§ REQUIREMENT:
Nothing but an exact copy of the records is expected here.

§ DATA FOR THE TASK:

(* Let $S_1\subseteq S$ with $|S_1|>1$ and $a>0$, and let $q$ be an irreducible transition matrix on $S$ such that $\mathbf P_{s,q}\big(T^+_{\overline{S_1}\cup\{t\}}=T^+_{\{t\}}\big)\ge a$ for all $s,t\in S_1$. Then for every $y\in S_1$ there exists a $(a/L)^{|S|}$-maximal graph $\overline g\in G(S_1\setminus\{y\})$ such that every path of $\overline g$ leads to $y$.
   Context: $S$ is a finite set with $|S|\ge2$, $\overline C=S\setminus C$. $(\mathbf s_n)_{n\ge0}$ is a Markov chain with transition matrix $q$, $\mathbf P_{s,q}$ its law from $\mathbf s_0=s$, and $T^+_D=\min\{n\ge1:\mathbf s_n\in D\}$ ($\min\emptyset=+\infty$). For $C\subseteq S$, a $C$-graph is a directed graph on vertex set $S$ without cycles such that each $s\in C$ has exactly one outgoing edge $(s,g(s))$ and no state outside $C$ has an outgoing edge; from $s\in C$, following the edges one reaches a unique state of $\overline C$, to which $s$ is said to lead. $G(C)$ is the set of $C$-graphs, $p(g)=\prod_{s\in C}q(g(s)\mid s)$, and for $\eta>0$, $g$ is $\eta$-maximal if $p(g)\ge\eta\max_{g'\in G(C)}p(g')$. $L=\sum_{n=1}^{|S|-1}\binom{|S|}{n}n^{|S|}$. *)

theory Defs
  imports Complex_Main
begin

text \<open>State space: the finite type 'a (S = UNIV). A transition matrix is
  q :: 'a => 'a => real with q x y = q(y | x).\<close>

definition stochastic :: "('a::finite \<Rightarrow> 'a \<Rightarrow> real) \<Rightarrow> bool" where
  "stochastic q \<longleftrightarrow> (\<forall>x y. 0 \<le> q x y) \<and> (\<forall>x. (\<Sum>y\<in>UNIV. q x y) = 1)"

definition irreducible :: "('a::finite \<Rightarrow> 'a \<Rightarrow> real) \<Rightarrow> bool" where
  "irreducible q \<longleftrightarrow> (\<forall>s t. (s, t) \<in> {(x, y). q x y > 0}\<^sup>+)"

fun path_prob :: "('a \<Rightarrow> 'a \<Rightarrow> real) \<Rightarrow> 'a \<Rightarrow> 'a list \<Rightarrow> real" where
  "path_prob q s [] = 1"
| "path_prob q s (x # xs) = q s x * path_prob q x xs"

definition avoid_prob :: "('a::finite \<Rightarrow> 'a \<Rightarrow> real) \<Rightarrow> 'a \<Rightarrow> 'a set \<Rightarrow> nat \<Rightarrow> real" where
  "avoid_prob q s D n = (\<Sum>xs\<in>{xs. set xs \<subseteq> - D \<and> length xs = n}. path_prob q s xs)"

§ TASK SOLUTION:
(* Let $S_1\subseteq S$ with $|S_1|>1$ and $a>0$, and let $q$ be an irreducible transition matrix on $S$ such that $\mathbf P_{s,q}\big(T^+_{\overline{S_1}\cup\{t\}}=T^+_{\{t\}}\big)\ge a$ for all $s,t\in S_1$. Then for every $y\in S_1$ there exists a $(a/L)^{|S|}$-maximal graph $\overline g\in G(S_1\setminus\{y\})$ such that every path of $\overline g$ leads to $y$.
   Context: $S$ is a finite set with $|S|\ge2$, $\overline C=S\setminus C$. $(\mathbf s_n)_{n\ge0}$ is a Markov chain with transition matrix $q$, $\mathbf P_{s,q}$ its law from $\mathbf s_0=s$, and $T^+_D=\min\{n\ge1:\mathbf s_n\in D\}$ ($\min\emptyset=+\infty$). For $C\subseteq S$, a $C$-graph is a directed graph on vertex set $S$ without cycles such that each $s\in C$ has exactly one outgoing edge $(s,g(s))$ and no state outside $C$ has an outgoing edge; from $s\in C$, following the edges one reaches a unique state of $\overline C$, to which $s$ is said to lead. $G(C)$ is the set of $C$-graphs, $p(g)=\prod_{s\in C}q(g(s)\mid s)$, and for $\eta>0$, $g$ is $\eta$-maximal if $p(g)\ge\eta\max_{g'\in G(C)}p(g')$. $L=\sum_{n=1}^{|S|-1}\binom{|S|}{n}n^{|S|}$. *)

theory Defs
  imports Complex_Main
begin

text \<open>State space: the finite type 'a (S = UNIV). A transition matrix is
  q :: 'a => 'a => real with q x y = q(y | x).\<close>

definition stochastic :: "('a::finite \<Rightarrow> 'a \<Rightarrow> real) \<Rightarrow> bool" where
  "stochastic q \<longleftrightarrow> (\<forall>x y. 0 \<le> q x y) \<and> (\<forall>x. (\<Sum>y\<in>UNIV. q x y) = 1)"

definition irreducible :: "('a::finite \<Rightarrow> 'a \<Rightarrow> real) \<Rightarrow> bool" where
  "irreducible q \<longleftrightarrow> (\<forall>s t. (s, t) \<in> {(x, y). q x y > 0}\<^sup>+)"

fun path_prob :: "('a \<Rightarrow> 'a \<Rightarrow> real) \<Rightarrow> 'a \<Rightarrow> 'a list \<Rightarrow> real" where
  "path_prob q s [] = 1"
| "path_prob q s (x # xs) = q s x * path_prob q x xs"

definition avoid_prob :: "('a::finite \<Rightarrow> 'a \<Rightarrow> real) \<Rightarrow> 'a \<Rightarrow> 'a set \<Rightarrow> nat \<Rightarrow> real" where
  "avoid_prob q s D n = (\<Sum>xs\<in>{xs. set xs \<subseteq> - D \<and> length xs = n}. path_prob q s xs)"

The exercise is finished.